• Source data:
definition prim_family :: "(H \<Rightarrow> H) \<Rightarrow> tree \<Rightarrow> H" where
  "prim_family \<Psi> = wfrec (measure weight)
     (\<lambda>rec T. \<Psi> (treeH T) - (\<Sum>w\<in>#ncuts T. top (\<Psi> (mono (fst w))) (rec (snd w))))"

lemma prim_family_unfold:
  "prim_family \<Psi> T = \<Psi> (treeH T) - (\<Sum>w\<in>#ncuts T. top (\<Psi> (mono (fst w))) (prim_family \<Psi> (snd w)))"
proof -
  have "prim_family \<Psi> T = \<Psi> (treeH T) -
      (\<Sum>w\<in>#ncuts T. top (\<Psi> (mono (fst w))) (cut (prim_family \<Psi>) (measure weight) T (snd w)))"
    unfolding prim_family_def by (subst wfrec) simp_all
  also have "(\<Sum>w\<in>#ncuts T. top (\<Psi> (mono (fst w))) (cut (prim_family \<Psi>) (measure weight) T (snd w))) =
      (\<Sum>w\<in>#ncuts T. top (\<Psi> (mono (fst w))) (prim_family \<Psi> (snd w)))"
    using ncuts_weight(1) by (intro arg_cong[where f=sum_mset] image_mset_cong) (force simp: cut_apply)
  finally show ?thesis .
qed

lemma lookup_prim_family_empty:
  assumes "bialg_endo \<Psi>"
  shows "Poly_Mapping.lookup (prim_family \<Psi> T) {#} = 0"
proof -
  have "Poly_Mapping.lookup (\<Psi> (treeH T)) {#} = 0"
    using assms by (simp add: bialg_endo_def eps_def treeH_def mono_def lookup_single)
  then show ?thesis
    by (subst prim_family_unfold) (simp add: lookup_minus lookup_sum_mset lookup_top_empty)
qed

lemma bialg_endo_tree_eq_sum_cuts:
  assumes "bialg_endo \<Psi>"
  shows "\<Psi> (treeH T) = (\<Sum>z\<in>#cuts T. top (\<Psi> (mono (fst z))) (prim_family \<Psi> (snd z)))"
proof -
  have "top (\<Psi> (mono {#})) (prim_family \<Psi> T) = prim_family \<Psi> T"
    using assms by (simp add: bialg_endo_one top_one_left lookup_prim_family_empty)
  then show ?thesis
    by (simp add: cuts_ncuts[of T] prim_family_unfold[of \<Psi> T])
qed

lemma Delta_sum_ncuts_top:
  assumes "bialg_endo \<Psi>" and "\<And>w. w \<in># ncuts T \<Longrightarrow> primitive (P (snd w))"
  shows "Delta (\<Sum>w\<in>#ncuts T. top (\<Psi> (mono (fst w))) (P (snd w))) =
    tens (\<Sum>w\<in>#ncuts T. top (\<Psi> (mono (fst w))) (P (snd w))) 1 +
    (\<Sum>w\<in>#ncuts T. \<Sum>y\<in>#coprod_terms (fst w).
       tens (\<Psi> (mono (fst y))) (top (\<Psi> (mono (snd y))) (P (snd w))))"
proof -
  have "Delta (\<Sum>w\<in>#ncuts T. top (\<Psi> (mono (fst w))) (P (snd w))) =
    (\<Sum>w\<in>#ncuts T. tens (top (\<Psi> (mono (fst w))) (P (snd w))) 1 +
      (\<Sum>y\<in>#coprod_terms (fst w). tens (\<Psi> (mono (fst y))) (top (\<Psi> (mono (snd y))) (P (snd w)))))"
    unfolding Delta_sum_mset using Delta_top_bialg_endo[OF assms(1) assms(2)]
    by (intro arg_cong[where f=sum_mset] image_mset_cong) auto
  then show ?thesis
    by (simp add: sum_mset.distrib tens_sum_mset_left)
qed

text \<open>Coassociativity of cuts, read through \<open>\<Psi>(t) = \<Sum>\<^sub>C \<Psi>(P\<^sup>C t) \<top> P\<^bsub>R\<^sup>C t\<^esub>\<close>.\<close>

lemma sum_cuts_tens_bialg_endo:
  assumes "bialg_endo \<Psi>"
  shows "(\<Sum>x\<in>#cuts T. tens (\<Psi> (mono (fst x))) (\<Psi> (treeH (snd x)))) =
    tens 1 (prim_family \<Psi> T) +
    (\<Sum>w\<in>#ncuts T. \<Sum>y\<in>#coprod_terms (fst w).
       tens (\<Psi> (mono (fst y))) (top (\<Psi> (mono (snd y))) (prim_family \<Psi> (snd w))))"
proof -
  define f where "f u = tens (\<Psi> (mono (fst u)))
    (top (\<Psi> (mono (fst (snd u)))) (prim_family \<Psi> (snd (snd u))))" for u :: "forest \<times> forest \<times> tree"
  have "(\<Sum>x\<in>#cuts T. tens (\<Psi> (mono (fst x))) (\<Psi> (treeH (snd x)))) =
      (\<Sum>u\<in>#(\<Sum>x\<in>#cuts T. image_mset (\<lambda>z. (fst x, fst z, snd z)) (cuts (snd x))). f u)"
    by (simp add: sum_mset_sum_mset multiset.map_comp o_def f_def tens_sum_mset_right
        bialg_endo_tree_eq_sum_cuts[OF assms])
  also have "\<dots> = (\<Sum>u\<in>#(\<Sum>x\<in>#cuts T. image_mset (\<lambda>y. (fst y, snd y, snd x)) (coprod_terms (fst x))). f u)"
    by (simp only: cuts_coassoc)
  also have "\<dots> = tens 1 (prim_family \<Psi> T) +
    (\<Sum>w\<in>#ncuts T. \<Sum>y\<in>#coprod_terms (fst w).
       tens (\<Psi> (mono (fst y))) (top (\<Psi> (mono (snd y))) (prim_family \<Psi> (snd w))))"
    using assms
    by (simp add: sum_mset_sum_mset multiset.map_comp o_def cuts_ncuts[of T] f_def bialg_endo_one
        top_one_left lookup_prim_family_empty)
  finally show ?thesis .
qed

lemma prim_family_primitive:
  assumes "bialg_endo \<Psi>"
  shows "primitive (prim_family \<Psi> T)"
proof (induction T rule: measure_induct_rule[of weight])
  case (less T)
  let ?P = "prim_family \<Psi>"
  let ?S = "\<Sum>w\<in>#ncuts T. top (\<Psi> (mono (fst w))) (?P (snd w))"
  let ?X = "\<Sum>w\<in>#ncuts T. \<Sum>y\<in>#coprod_terms (fst w). tens (\<Psi> (mono (fst y))) (top (\<Psi> (mono (snd y))) (?P (snd w)))"
  have "Delta ?S = tens ?S 1 + ?X"
    using ncuts_weight(1) less by (intro Delta_sum_ncuts_top[OF assms]) force
  moreover have "Delta (\<Psi> (treeH T)) = tens (\<Psi> (treeH T)) 1 + tens 1 (?P T) + ?X"
    by (simp add: Delta_bialg_endo_tree[OF assms] sum_cuts_tens_bialg_endo[OF assms] add.assoc)
  ultimately have "Delta (?P T) = tens (\<Psi> (treeH T) - ?S) 1 + tens 1 (?P T)"
    by (simp add: prim_family_unfold[of \<Psi> T] Delta_diff tens_diff_left)
  then show ?case
    by (simp add: primitive_def prim_family_unfold[of \<Psi> T, symmetric])
qed

lemma phiT_prim_family:
  assumes "bialg_endo \<Psi>"
  shows "phiT (prim_family \<Psi>) T = \<Psi> (treeH T)"
proof (induction T rule: measure_induct_rule[of weight])
  case (less T)
  have "image_mset (phiT (prim_family \<Psi>)) (fst w) = image_mset (\<lambda>t. \<Psi> (treeH t)) (fst w)"
    if "w \<in># ncuts T" for w
    using that ncuts_weight(2)[of "fst w" "snd w" T] less by (intro image_mset_cong) simp
  then have "(\<Sum>w\<in>#ncuts T. top (prod_mset (image_mset (phiT (prim_family \<Psi>)) (fst w))) (prim_family \<Psi> (snd w))) =
      (\<Sum>w\<in>#ncuts T. top (\<Psi> (mono (fst w))) (prim_family \<Psi> (snd w)))"
    by (intro arg_cong[where f=sum_mset] image_mset_cong) (simp add: bialg_endo_mono[OF assms])
  then show ?case
    by (simp add: phiT_unfold[of _ T] prim_family_unfold[of \<Psi> T])
qed

lemma Phi_prim_family:
  assumes "bialg_endo \<Psi>"
  shows "Phi (prim_family \<Psi>) = \<Psi>"
proof
  fix x
  have "phiT (prim_family \<Psi>) = (\<lambda>t. \<Psi> (treeH t))"
    using phiT_prim_family[OF assms] by (rule ext)
  then have "Phi (prim_family \<Psi>) x = lext (\<lambda>F. \<Psi> (mono F)) x"
    unfolding Phi_def by (simp add: bialg_endo_mono[OF assms])
  also have "\<dots> = \<Psi> x"
    using linear_map_eq_lext[OF bialg_endo_linear[OF assms], of x] by (simp add: mono_def[abs_def])
  finally show "Phi (prim_family \<Psi>) x = \<Psi> x" .
qed

lemma prim_family_unique:
  assumes "bialg_endo \<Psi>" and "\<Psi> = Phi Q"
  shows "Q T = prim_family \<Psi> T"
proof (induction T rule: measure_induct_rule[of weight])
  case (less T)
  have phiT_Q: "phiT Q = (\<lambda>t. \<Psi> (treeH t))"
    using assms(2) by (simp add: Phi_treeH)
  have "Q (snd w) = prim_family \<Psi> (snd w)" if "w \<in># ncuts T" for w
    using that ncuts_weight(1)[of "fst w" "snd w" T] less by simp
  then have "(\<Sum>w\<in>#ncuts T. top (prod_mset (image_mset (phiT Q) (fst w))) (Q (snd w))) =
      (\<Sum>w\<in>#ncuts T. top (\<Psi> (mono (fst w))) (prim_family \<Psi> (snd w)))"
    by (intro arg_cong[where f=sum_mset] image_mset_cong) (simp add: bialg_endo_mono[OF assms(1)] phiT_Q)
  then have "\<Psi> (treeH T) = (\<Sum>w\<in>#ncuts T. top (\<Psi> (mono (fst w))) (prim_family \<Psi> (snd w))) + Q T"
    using phiT_unfold[of Q T] by (simp add: phiT_Q)
  then show ?case
    by (simp add: prim_family_unfold[of \<Psi> T] algebra_simps)
qed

• Work request: Only the lines from the one holding "using phiT_unfold[of Q" through the end of the listing should be given again, exactly and with both ends included.

• Completed exercise:
    using phiT_unfold[of Q T] by (simp add: phiT_Q)
  then show ?case
    by (simp add: prim_family_unfold[of \<Psi> T] algebra_simps)
qed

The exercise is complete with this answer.